Task goal – Every line below that includes the word "moreover" needs to be copied.

*** Data Section Begins ***

lemma mtrace_completing_square_adjoint:
  fixes \<rho> R W G :: "complex mat"
  assumes psd: "psd_mat D \<rho>" and R: "R \<in> carrier_mat D D" "\<rho> * R = 1\<^sub>m D" "R * \<rho> = 1\<^sub>m D"
    and W: "W \<in> carrier_mat D D" and G: "G \<in> carrier_mat D D"
  shows "0 \<le> Re (mtrace (mat_adjoint W * \<rho> * W)) + 2 * Re (mtrace (G * mat_adjoint W))
            + Re (mtrace (mat_adjoint G * R * G))"
proof -
  have Wa: "mat_adjoint W \<in> carrier_mat D D" and Ga: "mat_adjoint G \<in> carrier_mat D D"
    using W G by (auto intro: mat_adjoint_carrier)
  have "mtrace (mat_adjoint G * W) = mtrace (W * mat_adjoint G)"
    by (rule mtrace_mult_commute[OF Ga W])
  also have "\<dots> = cnj (mtrace (G * mat_adjoint W))"
    by (rule mtrace_mult_adjoint_swap[OF G W])
  finally have "Re (mtrace (mat_adjoint G * W)) = Re (mtrace (G * mat_adjoint W))" by simp
  then show ?thesis
    using mtrace_completing_square[OF psd R Wa Ga] by simp
qed

lemma mtrace_quadratic_expand:
  fixes A B M :: "complex mat"
  assumes A: "A \<in> carrier_mat n n" and B: "B \<in> carrier_mat n n" and M: "M \<in> carrier_mat n n"
  shows "mtrace ((A + a \<cdot>\<^sub>m B) * M * (A + b \<cdot>\<^sub>m B)) = mtrace (A * M * A) + b * mtrace (A * M * B)
     + a * mtrace (B * M * A) + a * b * mtrace (B * M * B)"
proof -
  have tr3: "mtrace (P * M * Q) = (\<Sum>i<n. \<Sum>l<n. \<Sum>k<n. P $$ (i, k) * M $$ (k, l) * Q $$ (l, i))"
    if P: "P \<in> carrier_mat n n" and Q: "Q \<in> carrier_mat n n" for P Q
  proof -
    have "mtrace (P * M * Q) = (\<Sum>i<n. \<Sum>l<n. (P * M) $$ (i, l) * Q $$ (l, i))"
      by (rule mtrace_mult[OF mult_carrier_mat[OF P M] Q])
    also have "\<dots> = (\<Sum>i<n. \<Sum>l<n. (\<Sum>k<n. P $$ (i, k) * M $$ (k, l)) * Q $$ (l, i))"
      by (intro sum.cong refl) (simp only: index_mult_mat_sum[OF P M] lessThan_iff)
    finally show ?thesis by (simp add: sum_distrib_right)
  qed
  show ?thesis
    unfolding tr3[OF A A] tr3[OF A B] tr3[OF B A] tr3[OF B B] using A B
    by (subst tr3) (auto simp: algebra_simps sum.distrib sum_distrib_left)
qed

lemma Re_mtrace_shifted_square:
  assumes \<rho>: "hermitian_mat n \<rho>" and A: "hermitian_mat n A" and B: "hermitian_mat n B"
    and c: "Re c = 0" "cnj c * c = 1"
  shows "Re (mtrace ((A + cnj c \<cdot>\<^sub>m B) * \<rho> * (A + c \<cdot>\<^sub>m B)))
       = Re (mtrace (\<rho> * A * A)) + Re (mtrace (\<rho> * B * B)) + 2 * Im c * Im (mtrace (\<rho> * A * B))"
proof -
  note r = hermitian_matD(1)[OF \<rho>] and a = hermitian_matD(1)[OF A] and b = hermitian_matD(1)[OF B]
  have "mtrace ((A + cnj c \<cdot>\<^sub>m B) * \<rho> * (A + c \<cdot>\<^sub>m B))
      = mtrace (\<rho> * A * A) + c * cnj (mtrace (\<rho> * A * B))
        + cnj c * mtrace (\<rho> * A * B) + mtrace (\<rho> * B * B)"
    using mtrace_quadratic_expand[OF a b r] mtrace_mult_rotate[OF a r a] mtrace_mult_rotate[OF b r b]
      mtrace_mult_rotate[OF a r b] mtrace_mult_rotate[OF b r a] cnj_mtrace_hermitian_triple[OF \<rho> A B] c(2)
    by simp
  then show ?thesis using c(1) by simp
qed

subsection \<open>The matrix S\<close>

lemma sum_atLeast1_atMost_shift: "(\<Sum>j\<in>{1..d}. f j) = (\<Sum>a<d. f (Suc a))"
  using sum.atLeast1_atMost_eq[of f d] by simp

(* With 1-based indices j in {1..d}, row j of S has its off-diagonal entry S_shift_coeff d j
   in column cyc_succ d j. *)
definition cyc_succ :: "nat \<Rightarrow> nat \<Rightarrow> nat" where
  "cyc_succ d j = (if j = d then 1 else Suc j)"

definition S_shift_coeff :: "nat \<Rightarrow> nat \<Rightarrow> complex" where
  "S_shift_coeff d j = (if j = d \<and> 4 dvd d then - \<i> else \<i>)"

lemma cyc_succ_mem: "j \<in> {1..d} \<Longrightarrow> cyc_succ d j \<in> {1..d}"
  unfolding cyc_succ_def by auto

lemma bij_betw_cyc_succ: "bij_betw (cyc_succ d) {1..d} {1..d}"
proof -
  have inj: "inj_on (cyc_succ d) {1..d}" unfolding inj_on_def cyc_succ_def by auto
  then have "cyc_succ d ` {1..d} = {1..d}"
    using endo_inj_surj[OF _ _ inj] cyc_succ_mem by blast
  then show ?thesis using inj unfolding bij_betw_def by blast
qed

lemma S_shift_coeff_props:
  "Re (S_shift_coeff d j) = 0" "cnj (S_shift_coeff d j) * S_shift_coeff d j = 1"
  "\<bar>Im (S_shift_coeff d j)\<bar> = 1"
  unfolding S_shift_coeff_def by auto

lemma S_mat_carrier: "S_mat d \<in> carrier_mat d d"
  unfolding S_mat_def by simp

lemma S_mat_entry:
  assumes "2 \<le> d" "j \<in> {1..d}" "m \<in> {1..d}"
  shows "S_mat d $$ (j - 1, m - 1)
    = (if m = j then 1 else if m = cyc_succ d j then S_shift_coeff d j else 0)"
  using assms unfolding S_mat_def cyc_succ_def S_shift_coeff_def by auto

lemma S_mat_row_sum:
  assumes d: "2 \<le> d" and j: "j \<in> {1..d}"
  shows "(\<Sum>m\<in>{1..d}. S_mat d $$ (j - 1, m - 1) * h m) = h j + S_shift_coeff d j * h (cyc_succ d j)"
proof -
  have "cyc_succ d j \<noteq> j" "cyc_succ d j \<in> {1..d}"
    using d j cyc_succ_mem[OF j] unfolding cyc_succ_def by auto
  then have "(\<Sum>m\<in>{1..d}. S_mat d $$ (j - 1, m - 1) * h m)
      = (\<Sum>m\<in>{1..d}. (if m = j then h m else 0) + (if m = cyc_succ d j then S_shift_coeff d j * h m else 0))"
  proof (intro sum.cong refl)
    fix m assume m: "m \<in> {1..d}"
    show "S_mat d $$ (j - 1, m - 1) * h m
        = (if m = j then h m else 0) + (if m = cyc_succ d j then S_shift_coeff d j * h m else 0)"
      unfolding S_mat_entry[OF d j m] using \<open>cyc_succ d j \<noteq> j\<close> by auto
  qed
  also have "\<dots> = h j + S_shift_coeff d j * h (cyc_succ d j)"
    using j \<open>cyc_succ d j \<in> {1..d}\<close> by (simp add: sum.distrib)
  finally show ?thesis .
qed

(* The sign of the corner entry of S matters here: for 4 dvd d the entry i would make the
   factor vanish. *)
lemma i_power_add_i_S_shift_coeff_nonzero: "\<i> ^ d + \<i> * S_shift_coeff d d \<noteq> 0"
proof -
  have "\<i> ^ d = \<i> ^ (4 * (d div 4) + d mod 4)" by (simp only: mult_div_mod_eq)
  also have "\<dots> = (\<i> ^ 4) ^ (d div 4) * \<i> ^ (d mod 4)" by (simp only: power_add power_mult)
  also have "\<i> ^ 4 = (1 :: complex)" by (simp add: numeral_eq_Suc)
  finally have "\<i> ^ d = \<i> ^ (d mod 4)" by simp
  moreover have "d mod 4 = 0 \<or> d mod 4 = 1 \<or> d mod 4 = 2 \<or> d mod 4 = 3" by arith
  ultimately show ?thesis
    by (elim disjE) (simp_all add: S_shift_coeff_def dvd_eq_mod_eq_0 complex_eq_iff power3_eq_cube)
qed

lemma det_S_mat_nonzero:
  assumes d: "2 \<le> d"
  shows "det (S_mat d) \<noteq> 0"
proof
  assume "det (S_mat d) = 0"
  then obtain v where v: "v \<in> carrier_vec d" "v \<noteq> 0\<^sub>v d" "S_mat d *\<^sub>v v = 0\<^sub>v d"
    using det_0_iff_vec_prod_zero[OF S_mat_carrier] by blast
  define h where "h m = v $ (m - 1)" for m
  have row: "h j + S_shift_coeff d j * h (cyc_succ d j) = 0" if j: "j \<in> {1..d}" for j
  proof -
    have "j - 1 < d" using j by auto
    then have "0 = (S_mat d *\<^sub>v v) $ (j - 1)" using v(3) by simp
    also have "\<dots> = (\<Sum>a<d. S_mat d $$ (j - 1, a) * v $ a)"
      using \<open>j - 1 < d\<close> v(1) S_mat_carrier[of d] by (simp add: scalar_prod_def atLeast0LessThan)
    also have "\<dots> = (\<Sum>m\<in>{1..d}. S_mat d $$ (j - 1, m - 1) * h m)"
      unfolding sum_atLeast1_atMost_shift h_def by simp
    also have "\<dots> = h j + S_shift_coeff d j * h (cyc_succ d j)" by (rule S_mat_row_sum[OF d j])
    finally show ?thesis by simp
  qed
  (* The rows j < d force v_(j+1) = i v_j, so i times the last row reads
     (i^d + i S_d1) v_1 = 0. *)
  have step: "h (Suc (Suc j)) = \<i> * h (Suc j)" if "Suc j < d" for j
  proof -
    have "h (Suc j) + \<i> * h (Suc (Suc j)) = 0"
      using row[of "Suc j"] that unfolding S_shift_coeff_def cyc_succ_def by auto
    then have "\<i> * (h (Suc j) + \<i> * h (Suc (Suc j))) = 0" by simp
    then show ?thesis by (simp add: algebra_simps)
  qed
  have pow: "h (Suc j) = \<i> ^ j * h 1" if "j < d" for j
    using that
  proof (induction j)
    case (Suc j)
    then show ?case using step[of j] by simp
  qed simp
  have hd: "h d = \<i> ^ (d - 1) * h 1" using pow[of "d - 1"] d by simp
  have "\<i> * (h d + S_shift_coeff d d * h 1) = 0" using row[of d] d by (simp add: cyc_succ_def)
  then have "(\<i> * \<i> ^ (d - 1) + \<i> * S_shift_coeff d d) * h 1 = 0"
    unfolding hd by (simp add: algebra_simps)
  moreover have "\<i> * \<i> ^ (d - 1) = \<i> ^ d"
  proof -
    have "Suc (d - 1) = d" using d by simp
    then show ?thesis by (metis power_Suc)
  qed
  ultimately have "(\<i> ^ d + \<i> * S_shift_coeff d d) * h 1 = 0" by simp
  then have "h 1 = 0" using i_power_add_i_S_shift_coeff_nonzero by simp
  then have "v $ i = 0" if "i < d" for i
    using pow[OF that] unfolding h_def by simp
  then have "v = 0\<^sub>v d" using v(1) by (intro eq_vecI) auto
  with v(2) show False ..
qed

lemma T_mat_inverse:
  assumes "2 \<le> d"
  shows "T_mat d \<in> carrier_mat d d \<and> S_mat d * T_mat d = 1\<^sub>m d \<and> T_mat d * S_mat d = 1\<^sub>m d"
proof -
  have "S_mat d \<in> Units (ring_mat TYPE(complex) d undefined)"
    by (rule det_non_zero_imp_unit[OF S_mat_carrier det_S_mat_nonzero[OF assms]])
  then obtain B where "B \<in> carrier_mat d d" "S_mat d * B = 1\<^sub>m d" "B * S_mat d = 1\<^sub>m d"
    unfolding Units_def ring_mat_def by auto
  then show ?thesis unfolding T_mat_def by (rule minv_inverse[OF S_mat_carrier])
qed

lemma T_S_sum:
  assumes d: "2 \<le> d" and k: "k \<in> {1..d}" and m: "m \<in> {1..d}"
  shows "(\<Sum>j\<in>{1..d}. T_mat d $$ (k - 1, j - 1) * S_mat d $$ (j - 1, m - 1)) = (if k = m then 1 else 0)"
proof -
  have T: "T_mat d \<in> carrier_mat d d" and TS: "T_mat d * S_mat d = 1\<^sub>m d"
    using T_mat_inverse[OF d] by auto
  have "(\<Sum>j\<in>{1..d}. T_mat d $$ (k - 1, j - 1) * S_mat d $$ (j - 1, m - 1))
      = (\<Sum>a<d. T_mat d $$ (k - 1, a) * S_mat d $$ (a, m - 1))"
    unfolding sum_atLeast1_atMost_shift by simp
  also have "\<dots> = (T_mat d * S_mat d) $$ (k - 1, m - 1)"
    using k m by (subst index_mult_mat_sum[OF T S_mat_carrier]) auto
  also have "\<dots> = (if k = m then 1 else 0)" unfolding TS using k m by auto
  finally show ?thesis .
qed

*** Data Section Ends ***

Answer to this exercise –
  moreover have "d mod 4 = 0 \<or> d mod 4 = 1 \<or> d mod 4 = 2 \<or> d mod 4 = 3" by arith
  moreover have "\<i> * \<i> ^ (d - 1) = \<i> ^ d"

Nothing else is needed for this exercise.